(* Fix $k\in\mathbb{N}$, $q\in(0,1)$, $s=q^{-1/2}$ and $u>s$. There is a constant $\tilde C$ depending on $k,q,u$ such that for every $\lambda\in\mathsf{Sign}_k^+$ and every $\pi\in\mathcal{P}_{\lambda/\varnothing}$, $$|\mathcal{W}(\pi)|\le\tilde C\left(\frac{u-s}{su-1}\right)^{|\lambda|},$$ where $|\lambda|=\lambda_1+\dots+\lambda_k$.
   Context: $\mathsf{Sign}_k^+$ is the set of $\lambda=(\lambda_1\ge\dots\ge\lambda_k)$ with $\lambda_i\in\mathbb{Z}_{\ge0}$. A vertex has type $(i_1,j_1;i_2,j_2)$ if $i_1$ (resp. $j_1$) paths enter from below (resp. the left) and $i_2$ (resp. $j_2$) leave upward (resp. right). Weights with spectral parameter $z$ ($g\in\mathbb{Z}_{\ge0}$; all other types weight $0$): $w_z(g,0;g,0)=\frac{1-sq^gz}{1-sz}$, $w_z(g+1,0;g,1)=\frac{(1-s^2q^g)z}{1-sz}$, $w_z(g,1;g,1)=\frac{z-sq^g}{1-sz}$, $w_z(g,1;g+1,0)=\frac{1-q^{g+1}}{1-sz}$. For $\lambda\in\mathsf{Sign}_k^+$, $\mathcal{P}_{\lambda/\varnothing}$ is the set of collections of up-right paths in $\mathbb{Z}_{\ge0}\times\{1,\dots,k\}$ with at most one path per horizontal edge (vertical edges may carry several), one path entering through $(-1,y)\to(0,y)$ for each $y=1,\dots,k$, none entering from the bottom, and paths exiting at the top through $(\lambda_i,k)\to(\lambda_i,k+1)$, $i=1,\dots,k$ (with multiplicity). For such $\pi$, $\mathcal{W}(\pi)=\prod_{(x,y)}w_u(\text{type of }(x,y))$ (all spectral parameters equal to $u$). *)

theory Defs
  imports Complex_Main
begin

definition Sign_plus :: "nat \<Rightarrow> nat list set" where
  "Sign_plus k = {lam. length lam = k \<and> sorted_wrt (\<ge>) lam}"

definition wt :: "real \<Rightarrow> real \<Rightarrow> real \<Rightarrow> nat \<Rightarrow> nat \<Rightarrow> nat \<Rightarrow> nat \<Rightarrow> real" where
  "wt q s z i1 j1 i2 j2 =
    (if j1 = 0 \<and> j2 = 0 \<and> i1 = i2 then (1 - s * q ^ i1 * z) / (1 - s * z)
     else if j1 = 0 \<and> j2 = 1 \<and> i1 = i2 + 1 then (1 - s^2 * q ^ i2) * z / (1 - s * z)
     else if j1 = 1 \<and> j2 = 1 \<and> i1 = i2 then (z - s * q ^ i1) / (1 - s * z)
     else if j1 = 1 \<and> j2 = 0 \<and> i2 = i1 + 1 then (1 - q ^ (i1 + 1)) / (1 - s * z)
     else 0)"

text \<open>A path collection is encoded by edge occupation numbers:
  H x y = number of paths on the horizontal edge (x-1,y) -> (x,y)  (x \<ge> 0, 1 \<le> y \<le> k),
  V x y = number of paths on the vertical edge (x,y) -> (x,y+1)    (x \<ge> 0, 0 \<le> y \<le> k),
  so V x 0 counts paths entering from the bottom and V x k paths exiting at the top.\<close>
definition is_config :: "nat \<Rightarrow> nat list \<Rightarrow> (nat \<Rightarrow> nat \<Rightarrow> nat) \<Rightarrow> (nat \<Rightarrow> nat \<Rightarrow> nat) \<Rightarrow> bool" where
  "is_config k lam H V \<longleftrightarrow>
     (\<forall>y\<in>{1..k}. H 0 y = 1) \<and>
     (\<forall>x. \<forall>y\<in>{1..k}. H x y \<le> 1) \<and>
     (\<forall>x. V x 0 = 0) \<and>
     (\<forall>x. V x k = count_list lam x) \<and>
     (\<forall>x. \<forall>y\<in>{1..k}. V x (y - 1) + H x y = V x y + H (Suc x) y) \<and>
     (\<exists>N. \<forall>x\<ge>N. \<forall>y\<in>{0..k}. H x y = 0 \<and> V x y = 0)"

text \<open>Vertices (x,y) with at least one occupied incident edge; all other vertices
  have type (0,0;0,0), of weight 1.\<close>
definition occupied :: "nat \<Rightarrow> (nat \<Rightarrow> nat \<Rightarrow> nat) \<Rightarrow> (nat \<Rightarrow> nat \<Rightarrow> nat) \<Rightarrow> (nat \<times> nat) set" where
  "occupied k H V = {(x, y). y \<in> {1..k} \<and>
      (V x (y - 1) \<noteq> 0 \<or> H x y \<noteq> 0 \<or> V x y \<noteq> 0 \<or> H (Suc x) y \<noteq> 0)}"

------------------------------------------------------------

## WHAT NEEDS TO BE DONE
For each line of the material that contains "open", return a copy.

## SOLUTION TO THIS TASK
text \<open>A path collection is encoded by edge occupation numbers:
text \<open>Vertices (x,y) with at least one occupied incident edge; all other vertices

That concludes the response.